TASK DIRECTIONS: In the listing below, the line containing "would be exceeded." marks the end; copy exactly every line from the first through that one.

========================

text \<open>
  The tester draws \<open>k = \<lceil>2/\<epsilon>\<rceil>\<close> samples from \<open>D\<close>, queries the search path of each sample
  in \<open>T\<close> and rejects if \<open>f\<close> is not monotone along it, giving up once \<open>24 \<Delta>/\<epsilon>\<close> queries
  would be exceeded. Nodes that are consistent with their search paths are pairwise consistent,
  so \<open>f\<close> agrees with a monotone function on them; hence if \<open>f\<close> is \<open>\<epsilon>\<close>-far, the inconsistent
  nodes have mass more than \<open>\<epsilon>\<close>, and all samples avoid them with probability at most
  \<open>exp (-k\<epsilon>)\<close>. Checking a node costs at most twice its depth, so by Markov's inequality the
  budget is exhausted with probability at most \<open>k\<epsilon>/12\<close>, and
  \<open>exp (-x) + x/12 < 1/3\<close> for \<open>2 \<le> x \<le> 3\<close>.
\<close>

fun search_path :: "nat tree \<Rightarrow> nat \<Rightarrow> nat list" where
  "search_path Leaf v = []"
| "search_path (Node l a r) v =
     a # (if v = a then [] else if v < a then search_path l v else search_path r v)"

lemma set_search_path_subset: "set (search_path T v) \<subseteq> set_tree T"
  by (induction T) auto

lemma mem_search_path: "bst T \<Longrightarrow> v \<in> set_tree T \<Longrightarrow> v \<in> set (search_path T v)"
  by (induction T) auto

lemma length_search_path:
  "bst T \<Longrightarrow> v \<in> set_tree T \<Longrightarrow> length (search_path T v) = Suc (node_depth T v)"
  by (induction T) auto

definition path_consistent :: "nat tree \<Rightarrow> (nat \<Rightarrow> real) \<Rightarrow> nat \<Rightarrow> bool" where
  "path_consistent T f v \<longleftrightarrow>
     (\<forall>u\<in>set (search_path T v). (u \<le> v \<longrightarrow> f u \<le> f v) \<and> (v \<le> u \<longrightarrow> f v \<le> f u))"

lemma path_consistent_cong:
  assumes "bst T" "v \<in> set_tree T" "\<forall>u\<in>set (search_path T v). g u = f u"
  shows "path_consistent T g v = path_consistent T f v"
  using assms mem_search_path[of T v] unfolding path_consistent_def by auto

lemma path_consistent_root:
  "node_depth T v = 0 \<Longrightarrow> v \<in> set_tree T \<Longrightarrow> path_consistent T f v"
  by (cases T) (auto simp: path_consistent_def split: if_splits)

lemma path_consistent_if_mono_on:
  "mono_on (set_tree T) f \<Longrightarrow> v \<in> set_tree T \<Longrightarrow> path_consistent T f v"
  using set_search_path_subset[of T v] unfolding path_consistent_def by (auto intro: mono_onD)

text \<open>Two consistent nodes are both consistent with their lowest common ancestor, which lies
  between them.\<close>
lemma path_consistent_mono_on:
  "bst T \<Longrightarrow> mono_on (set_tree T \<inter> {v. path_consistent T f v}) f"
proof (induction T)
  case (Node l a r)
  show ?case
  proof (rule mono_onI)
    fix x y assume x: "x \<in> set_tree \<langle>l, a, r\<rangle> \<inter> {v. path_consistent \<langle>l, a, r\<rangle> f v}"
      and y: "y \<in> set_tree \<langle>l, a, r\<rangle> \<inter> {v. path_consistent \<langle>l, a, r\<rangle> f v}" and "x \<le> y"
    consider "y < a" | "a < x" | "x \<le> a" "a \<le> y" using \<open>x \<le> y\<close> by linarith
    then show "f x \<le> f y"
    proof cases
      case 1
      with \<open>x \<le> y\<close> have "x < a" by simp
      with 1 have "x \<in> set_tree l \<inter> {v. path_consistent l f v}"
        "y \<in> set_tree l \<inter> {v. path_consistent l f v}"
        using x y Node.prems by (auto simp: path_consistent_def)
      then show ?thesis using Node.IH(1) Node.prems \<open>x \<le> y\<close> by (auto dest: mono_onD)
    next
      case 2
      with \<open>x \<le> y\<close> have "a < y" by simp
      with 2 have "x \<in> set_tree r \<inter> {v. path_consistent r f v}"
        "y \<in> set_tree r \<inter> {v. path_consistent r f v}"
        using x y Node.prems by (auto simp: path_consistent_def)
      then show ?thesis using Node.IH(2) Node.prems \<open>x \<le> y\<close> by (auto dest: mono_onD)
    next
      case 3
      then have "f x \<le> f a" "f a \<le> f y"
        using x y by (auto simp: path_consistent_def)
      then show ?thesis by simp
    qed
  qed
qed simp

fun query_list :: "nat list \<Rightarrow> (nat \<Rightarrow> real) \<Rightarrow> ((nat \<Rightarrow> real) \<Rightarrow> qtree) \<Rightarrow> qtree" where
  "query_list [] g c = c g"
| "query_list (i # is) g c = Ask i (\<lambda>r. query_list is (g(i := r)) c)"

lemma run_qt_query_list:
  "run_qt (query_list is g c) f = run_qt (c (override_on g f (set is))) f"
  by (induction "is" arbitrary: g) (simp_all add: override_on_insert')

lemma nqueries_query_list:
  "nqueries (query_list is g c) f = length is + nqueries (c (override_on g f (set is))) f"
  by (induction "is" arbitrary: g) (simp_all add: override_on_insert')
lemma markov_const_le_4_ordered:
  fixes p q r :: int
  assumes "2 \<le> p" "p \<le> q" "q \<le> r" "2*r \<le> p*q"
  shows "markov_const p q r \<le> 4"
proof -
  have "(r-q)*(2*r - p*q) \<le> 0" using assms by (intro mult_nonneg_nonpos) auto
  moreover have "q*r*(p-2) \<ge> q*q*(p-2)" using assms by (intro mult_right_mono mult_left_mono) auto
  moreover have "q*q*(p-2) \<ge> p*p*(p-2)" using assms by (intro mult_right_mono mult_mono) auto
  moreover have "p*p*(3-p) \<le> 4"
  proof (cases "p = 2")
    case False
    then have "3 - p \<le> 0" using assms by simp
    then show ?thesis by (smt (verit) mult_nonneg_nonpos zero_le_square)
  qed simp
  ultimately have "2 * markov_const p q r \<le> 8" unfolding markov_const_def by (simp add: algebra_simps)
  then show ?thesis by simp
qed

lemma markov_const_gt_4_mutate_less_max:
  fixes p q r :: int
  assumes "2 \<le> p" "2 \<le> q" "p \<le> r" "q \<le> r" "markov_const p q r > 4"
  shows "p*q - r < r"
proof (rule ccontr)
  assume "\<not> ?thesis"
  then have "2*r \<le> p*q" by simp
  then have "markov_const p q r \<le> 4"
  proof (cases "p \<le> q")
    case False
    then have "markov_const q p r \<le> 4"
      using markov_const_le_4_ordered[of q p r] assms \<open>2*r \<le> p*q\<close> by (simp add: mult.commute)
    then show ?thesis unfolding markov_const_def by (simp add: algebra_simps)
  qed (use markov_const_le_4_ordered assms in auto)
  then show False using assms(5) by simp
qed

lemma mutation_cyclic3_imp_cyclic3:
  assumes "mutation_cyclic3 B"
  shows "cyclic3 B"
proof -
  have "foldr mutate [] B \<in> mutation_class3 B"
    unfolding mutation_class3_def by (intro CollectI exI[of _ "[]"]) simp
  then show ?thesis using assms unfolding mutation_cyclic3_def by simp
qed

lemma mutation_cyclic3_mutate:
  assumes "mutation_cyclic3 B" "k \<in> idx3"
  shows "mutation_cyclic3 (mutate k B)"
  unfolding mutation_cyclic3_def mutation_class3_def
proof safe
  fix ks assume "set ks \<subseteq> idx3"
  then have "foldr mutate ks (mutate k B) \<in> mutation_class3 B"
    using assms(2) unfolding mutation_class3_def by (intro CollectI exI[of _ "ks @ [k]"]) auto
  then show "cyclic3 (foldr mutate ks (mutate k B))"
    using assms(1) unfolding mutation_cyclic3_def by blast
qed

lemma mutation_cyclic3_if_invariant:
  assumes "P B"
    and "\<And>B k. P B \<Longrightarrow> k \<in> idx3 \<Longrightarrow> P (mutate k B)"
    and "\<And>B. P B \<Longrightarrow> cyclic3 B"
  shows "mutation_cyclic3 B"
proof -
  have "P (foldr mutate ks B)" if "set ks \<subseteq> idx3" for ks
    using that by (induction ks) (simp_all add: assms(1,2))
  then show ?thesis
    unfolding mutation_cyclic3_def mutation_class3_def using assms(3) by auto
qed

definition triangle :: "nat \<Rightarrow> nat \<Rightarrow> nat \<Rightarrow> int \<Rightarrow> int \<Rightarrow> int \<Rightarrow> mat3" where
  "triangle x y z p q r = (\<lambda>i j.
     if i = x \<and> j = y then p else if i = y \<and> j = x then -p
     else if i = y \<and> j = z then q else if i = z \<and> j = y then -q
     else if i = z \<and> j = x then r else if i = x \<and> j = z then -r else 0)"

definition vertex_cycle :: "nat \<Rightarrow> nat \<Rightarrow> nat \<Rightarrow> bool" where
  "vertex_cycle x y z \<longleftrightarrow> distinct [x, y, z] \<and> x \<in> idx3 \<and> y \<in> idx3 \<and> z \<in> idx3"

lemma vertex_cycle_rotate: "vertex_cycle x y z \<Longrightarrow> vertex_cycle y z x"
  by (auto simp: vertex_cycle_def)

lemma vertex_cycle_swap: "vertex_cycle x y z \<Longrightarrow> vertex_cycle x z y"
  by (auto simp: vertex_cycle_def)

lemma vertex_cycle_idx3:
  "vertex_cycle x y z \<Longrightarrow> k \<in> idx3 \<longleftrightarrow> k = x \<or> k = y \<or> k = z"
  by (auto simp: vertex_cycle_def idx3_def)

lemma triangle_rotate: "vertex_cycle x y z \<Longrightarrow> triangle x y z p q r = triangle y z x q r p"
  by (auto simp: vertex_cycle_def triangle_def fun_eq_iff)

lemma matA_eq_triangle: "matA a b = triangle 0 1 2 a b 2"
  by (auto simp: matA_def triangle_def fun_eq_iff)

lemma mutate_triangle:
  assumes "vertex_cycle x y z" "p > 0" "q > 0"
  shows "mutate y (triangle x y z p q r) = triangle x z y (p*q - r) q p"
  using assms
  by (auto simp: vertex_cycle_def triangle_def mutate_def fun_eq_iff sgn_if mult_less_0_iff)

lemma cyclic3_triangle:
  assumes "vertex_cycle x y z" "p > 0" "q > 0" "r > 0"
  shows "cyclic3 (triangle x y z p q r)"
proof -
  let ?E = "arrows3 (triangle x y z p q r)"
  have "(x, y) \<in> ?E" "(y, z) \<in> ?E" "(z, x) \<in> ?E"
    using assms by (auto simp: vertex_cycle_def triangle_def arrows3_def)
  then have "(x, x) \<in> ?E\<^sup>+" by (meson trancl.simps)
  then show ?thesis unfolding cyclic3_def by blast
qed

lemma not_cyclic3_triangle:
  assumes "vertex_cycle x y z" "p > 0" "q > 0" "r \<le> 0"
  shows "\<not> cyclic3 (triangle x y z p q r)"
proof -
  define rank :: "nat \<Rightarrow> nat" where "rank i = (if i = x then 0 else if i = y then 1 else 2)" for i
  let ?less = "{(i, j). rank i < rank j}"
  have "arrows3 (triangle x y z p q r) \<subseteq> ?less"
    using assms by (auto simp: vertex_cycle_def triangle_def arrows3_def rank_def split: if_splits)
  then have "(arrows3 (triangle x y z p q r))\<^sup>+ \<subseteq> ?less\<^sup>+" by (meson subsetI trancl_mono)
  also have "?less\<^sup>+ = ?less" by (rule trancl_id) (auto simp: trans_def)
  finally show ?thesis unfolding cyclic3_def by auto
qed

========================

TASK RESULT:
text \<open>
  The tester draws \<open>k = \<lceil>2/\<epsilon>\<rceil>\<close> samples from \<open>D\<close>, queries the search path of each sample
  in \<open>T\<close> and rejects if \<open>f\<close> is not monotone along it, giving up once \<open>24 \<Delta>/\<epsilon>\<close> queries
  would be exceeded. Nodes that are consistent with their search paths are pairwise consistent,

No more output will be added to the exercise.